Each model was fine-tuned multiple times using nerblackbox and different random seeds. The resulting uncertainty of the mean value is specified in parentheses and refers to the last digit. In all cases, the evaluation was conducted on the respective validation dataset.

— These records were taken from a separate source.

lemma three_cocoercive_combination:
  fixes u a b c :: "'a::real_inner"
  assumes h1: "inner u a \<ge> \<sigma>1 * (norm a)\<^sup>2"
    and h2: "inner (- \<nu> *\<^sub>R u + lam *\<^sub>R a - \<delta> *\<^sub>R c) b \<ge> \<sigma>2 * (norm b)\<^sup>2"
    and h3: "inner a c \<ge> \<sigma>3 * (norm c)\<^sup>2"
    and pos: "\<sigma>3 > 0" "\<nu> > 0" "\<delta> > 0"
    and regime: "(lam = 2 * \<nu> * \<sigma>1 \<and> lam = 2 * \<sigma>2 \<and>
                  \<eta>s = (1 / \<nu>) * (lam - \<delta> / (2 * \<sigma>3)))
              \<or> (lam < \<nu> * \<sigma>1 + \<sigma>2 \<and>
                  \<eta>s = (1 / \<nu>) * ((2 * \<nu> * \<sigma>1 - lam) * (2 * \<sigma>2 - lam)
                          / (2 * (\<nu> * \<sigma>1 + \<sigma>2 - lam)) + lam - \<delta> / (2 * \<sigma>3)))"
  shows "\<nu> * inner u (a - b) \<ge> (\<nu> * \<eta>s / 2) * (norm (a - b))\<^sup>2
     + \<delta> * \<sigma>3 * (norm (c - (1 / (2 * \<sigma>3)) *\<^sub>R (a - b)))\<^sup>2
     + (if lam < \<nu> * \<sigma>1 + \<sigma>2 then (\<nu> * \<sigma>1 + \<sigma>2 - lam) *
          (norm (b + ((2 * \<nu> * \<sigma>1 - lam) / (2 * (\<nu> * \<sigma>1 + \<sigma>2 - lam))) *\<^sub>R (a - b)))\<^sup>2 else 0)"
proof -
  define t where "t = 1 / (2 * \<sigma>3)"
  have t: "2 * \<sigma>3 * t = 1"
    unfolding t_def using pos by simp
  have expand:
    "inner u (a - b) = inner u a - inner u b"
    "(norm (a - b))\<^sup>2 = inner a a - 2 * inner a b + inner b b"
    "(norm (c - t *\<^sub>R (a - b)))\<^sup>2
       = inner c c - 2 * t * (inner a c - inner b c) + t\<^sup>2 * (inner a a - 2 * inner a b + inner b b)"
    "\<And>k. (norm (b + k *\<^sub>R (a - b)))\<^sup>2
       = inner b b + 2 * k * (inner a b - inner b b) + k\<^sup>2 * (inner a a - 2 * inner a b + inner b b)"
    by (simp_all only: power2_norm_eq_inner)
      (simp_all add: inner_diff_left inner_diff_right inner_add_left inner_add_right inner_commute
        algebra_simps power2_eq_square)
  have slack1: "\<nu> * (inner u a - \<sigma>1 * inner a a) \<ge> 0"
    using h1 pos by (simp add: power2_norm_eq_inner)
  have slack2: "- \<nu> * inner u b + lam * inner a b - \<delta> * inner b c - \<sigma>2 * inner b b \<ge> 0"
    using h2 by (simp add: power2_norm_eq_inner inner_diff_left inner_add_left inner_diff_right
        inner_add_right inner_commute)
  have slack3: "\<delta> * (inner a c - \<sigma>3 * inner c c) \<ge> 0"
    using h3 pos by (simp add: power2_norm_eq_inner)
  show ?thesis
  proof (cases "lam < \<nu> * \<sigma>1 + \<sigma>2")
    case True
    define D where "D = \<nu> * \<sigma>1 + \<sigma>2 - lam"
    define k where "k = (2 * \<nu> * \<sigma>1 - lam) / (2 * D)"
    have "D > 0"
      using True unfolding D_def by simp
    then have k: "2 * D * k = 2 * \<nu> * \<sigma>1 - lam"
      unfolding k_def by simp
    have "\<nu> * \<eta>s = k * (2 * \<sigma>2 - lam) + lam - \<delta> * t"
      using regime True pos unfolding D_def k_def t_def by auto
    from sum_of_squares_certificate_b[OF D_def k t this, where ua = "inner u a" and ub = "inner u b" and aa = "inner a a" and ab = "inner a b"
        and bb = "inner b b" and ac = "inner a c" and bc = "inner b c" and cc = "inner c c"] show ?thesis
      using True slack1 slack2 slack3 unfolding expand t_def[symmetric] D_def[symmetric] k_def[symmetric]
      by simp
  next
    case False
    then have "lam = 2 * \<nu> * \<sigma>1" "lam = 2 * \<sigma>2" "\<nu> * \<eta>s = lam - \<delta> * t"
      using regime pos unfolding t_def by (auto simp: field_simps)
    from sum_of_squares_certificate_a[OF this(1,2) t this(3), where ua = "inner u a" and ub = "inner u b" and aa = "inner a a" and ab = "inner a b"
        and bb = "inner b b" and ac = "inner a c" and bc = "inner b c" and cc = "inner c c"] show ?thesis
      using False slack1 slack2 slack3 unfolding expand t_def[symmetric]
      by simp
  qed
qed
(* The variable $w(x,t)=u(x,t)-\kappa\left(p(x,t)\right)$, $x\in[0,1]$, where $p$ is the predictor state defined below, satisfies $$w_t(x,t)=v\left(u(x,t)\right)w_x(x,t),\qquad w(1,t)=0 .$$ Moreover, the ODE $\dot{X}(t)=f\left(X(t),u(0,t)\right)$ can be written as $$\dot{X}(t)=f\left(X(t),\kappa\left(X(t)\right)+w(0,t)\right).$$
   Context: Consider the PDE-ODE cascade $\dot{X}(t)=f\left(X(t),u(0,t)\right)$, $u_t(x,t)=v\left(u(x,t)\right)u_x(x,t)$, $u(1,t)=U(t)$, with $X\in\mathbb{R}^n$, $u\in\mathbb{R}$, $x\in[0,1]$, $t\geq0$, where $f:\mathbb{R}^n\times\mathbb{R}\to\mathbb{R}^n$ is continuously differentiable with $f(0,0)=0$, and $v:\mathbb{R}\to\mathbb{R}_+$ is twice continuously differentiable with $v(u)\geq\underline{v}>0$ for all $u$. Let $\kappa:\mathbb{R}^n\to\mathbb{R}$ be a twice continuously differentiable feedback law with $\kappa(0)=0$ (rendering $\dot X=f(X,\kappa(X)+\omega)$ input-to-state stable with respect to $\omega$). The system is in closed loop with the control $U(t)=\kappa\left(p(1,t)\right)$, where the predictor state is $$p(x,t)=X(t)+\int_0^{x}f\left(p(y,t),u(y,t)\right)\Gamma\left(u(y,t),u_y(y,t),y\right)dy,\quad x\in[0,1],$$ with $$\Gamma\left(u(x,t),u_x(x,t),x\right)=\frac{1}{v\left(u(x,t)\right)}-\frac{x\,v'\left(u(x,t)\right)u_x(x,t)}{v\left(u(x,t)\right)^2}.$$ Solutions are assumed to satisfy the feasibility condition $-M<\frac{v'(u(x,t))u_x(x,t)}{v(u(x,t))}<1$ for all $x\in[0,1]$, $t\geq0$, for some $M>0$, so that $p$ is well defined. *)

theory Defs
  imports "HOL-Analysis.Analysis"
begin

Note that small, systematic differences are to be expected as the reported results were created using very similar yet slightly different hyperparameters.

The results may be reproduced using the following code:

reproduction of training results

from nerblackbox import Dataset, Training

dataset = Dataset(name=<dataset>, source="HF")
dataset.set_up()

parameters = {"from_preset": "original", [..]}
training = Training("training", model="<model>", dataset="<dataset>", **parameters)
training.run()

result = training.get_result(metric="f1", level="entity", phase="validation")
print(result)
Note that the first use of nerblackbox requires the creation of a Store.


Evaluation

Model Dataset Phase version nerblackbox evaluate reported
dslim/bert-base-NER conll2003 validation 1.0.0 0.951 0.951 0.951 reference
jordyvl/biobert-base-cased-v1.2_ncbi_disease-softmax-labelall-ner ncbi_disease validation 1.0.0 0.845 0.845 0.845 reference
fhswf/bert_de_ner germeval_14 test 1.0.0 0.818 0.818 0.829 reference
philschmid/distilroberta-base-ner-conll2003 conll2003 validation 1.0.0 0.955 0.955 0.953 reference
philschmid/distilroberta-base-ner-conll2003 conll2003 test 1.0.0 0.913 0.913 0.907 reference
projecte-aina/roberta-base-ca-cased-ner projecte-aina/ancora-ca-ner test 1.0.0 0.896 0.896 0.881 reference
gagan3012/bert-tiny-finetuned-ner conll2003 validation 1.0.0 0.847 --- 0.818 reference
malduwais/distilbert-base-uncased-finetuned-ner conll2003 test 1.0.0 0.894 --- 0.930 reference
IIC/bert-base-spanish-wwm-cased-ehealth_kd ehealth_kd test 1.0.0 0.825 --- 0.843 reference
drAbreu/bioBERT-NER-BC2GM_corpus bc2gm_corpus test 1.0.0 0.808 --- 0.815 reference
geckos/deberta-base-fine-tuned-ner conll2003 validation 1.0.0 0.962 --- 0.961 reference

The results may be reproduced using the following code:

reproduction of evaluation results

###############
# nerblackbox
###############
from nerblackbox import Model
model = Model.from_huggingface("<model>", "<dataset>")
results_nerblackbox = model.evaluate_on_dataset("<dataset>", phase="<phase>")
print(results_nerblackbox["micro"]["entity"]["f1_seqeval"])

###############
# evaluate
###############
from datasets import load_dataset
from evaluate import evaluator
evaluator = evaluator("token-classification")
data = load_dataset("<dataset>", split="<phase>")
results_evaluate = evaluator.compute(
    model_or_pipeline="<model>",
    data=data,
    metric="seqeval",
)
print(results_evaluate["overall_f1"])
Note that the first use of nerblackbox requires the creation of a Store.

Evaluation using the evaluate library fails for some of the tested datasets (---). For all cases where it works, we find that results from nerblackbox and evaluate are in agreement. In contrast, the self-reported results on HuggingFace sometimes differ.